The data Block Start

theorem mainTheorem1:
  fixes G (structure)
  assumes "group G"
    and "A \<subseteq> carrier G" and "B \<subseteq> carrier G" and "C \<subseteq> carrier G"
    and "finite A" and "finite B" and "finite C"
    and "A \<noteq> {}" and "B \<noteq> {}" and "C \<noteq> {}"
    and "B \<subseteq> C" and "\<one> \<in> C"
  shows "setmul3 G A B C = setmul G A B \<or> card (setmul3 G A B C) \<ge> card A + card B"
proof (cases "setmul3 G A B C = setmul G A B")
  case False
  interpret group G by fact
  have AB_sub: "setmul G A B \<subseteq> setmul3 G A B C"
    using setmul_subset_setmul3 assms by blast
  with False obtain z where "z \<in> setmul3 G A B C" "z \<notin> setmul G A B" by blast
  then obtain a0 b0 c0 where abc: "a0 \<in> A" "b0 \<in> B" "c0 \<in> C"
    and new: "a0 \<otimes> b0 \<otimes> c0 \<notin> setmul G A B"
    unfolding setmul3_def by blast
  define d where "d = b0 \<otimes> c0"
  have dG: "d \<in> carrier G" unfolding d_def using abc assms by auto
  have a0d: "a0 \<otimes> d \<notin> setmul G A B"
    using new abc assms unfolding d_def by (metis m_assoc subsetD)
  then have "d \<notin> B" using abc(1) setmul_memI by metis
  then have "card A + card B + 1 = card A + card (insert d B)" using assms(6) by simp
  also have "\<dots> \<le> card (setmul G A (insert d B)) + 1"
    using kemperman unique_rep_insert[OF assms(2) abc(1) dG a0d] assms dG by simp
  also have "\<dots> \<le> card (setmul3 G A B C) + 1"
  proof -
    have "a \<otimes> d \<in> setmul3 G A B C" if "a \<in> A" for a
      using that abc assms unfolding d_def setmul3_def by (force simp: m_assoc)
    then have "setmul G A (insert d B) \<subseteq> setmul3 G A B C"
      using AB_sub unfolding setmul_def by blast
    then show ?thesis using card_mono setmul3_finite assms(5-7) by (metis add_le_mono1)
  qed
  finally show ?thesis by simp
qed simp

end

The data Block End

> _Required work_: Could you retype all of the material word for word?

> _Solution to this exercise_:
theorem mainTheorem1:
  fixes G (structure)
  assumes "group G"
    and "A \<subseteq> carrier G" and "B \<subseteq> carrier G" and "C \<subseteq> carrier G"
    and "finite A" and "finite B" and "finite C"
    and "A \<noteq> {}" and "B \<noteq> {}" and "C \<noteq> {}"
    and "B \<subseteq> C" and "\<one> \<in> C"
  shows "setmul3 G A B C = setmul G A B \<or> card (setmul3 G A B C) \<ge> card A + card B"
proof (cases "setmul3 G A B C = setmul G A B")
  case False
  interpret group G by fact
  have AB_sub: "setmul G A B \<subseteq> setmul3 G A B C"
    using setmul_subset_setmul3 assms by blast
  with False obtain z where "z \<in> setmul3 G A B C" "z \<notin> setmul G A B" by blast
  then obtain a0 b0 c0 where abc: "a0 \<in> A" "b0 \<in> B" "c0 \<in> C"
    and new: "a0 \<otimes> b0 \<otimes> c0 \<notin> setmul G A B"
    unfolding setmul3_def by blast
  define d where "d = b0 \<otimes> c0"
  have dG: "d \<in> carrier G" unfolding d_def using abc assms by auto
  have a0d: "a0 \<otimes> d \<notin> setmul G A B"
    using new abc assms unfolding d_def by (metis m_assoc subsetD)
  then have "d \<notin> B" using abc(1) setmul_memI by metis
  then have "card A + card B + 1 = card A + card (insert d B)" using assms(6) by simp
  also have "\<dots> \<le> card (setmul G A (insert d B)) + 1"
    using kemperman unique_rep_insert[OF assms(2) abc(1) dG a0d] assms dG by simp
  also have "\<dots> \<le> card (setmul3 G A B C) + 1"
  proof -
    have "a \<otimes> d \<in> setmul3 G A B C" if "a \<in> A" for a
      using that abc assms unfolding d_def setmul3_def by (force simp: m_assoc)
    then have "setmul G A (insert d B) \<subseteq> setmul3 G A B C"
      using AB_sub unfolding setmul_def by blast
    then show ?thesis using card_mono setmul3_finite assms(5-7) by (metis add_le_mono1)
  qed
  finally show ?thesis by simp
qed simp

end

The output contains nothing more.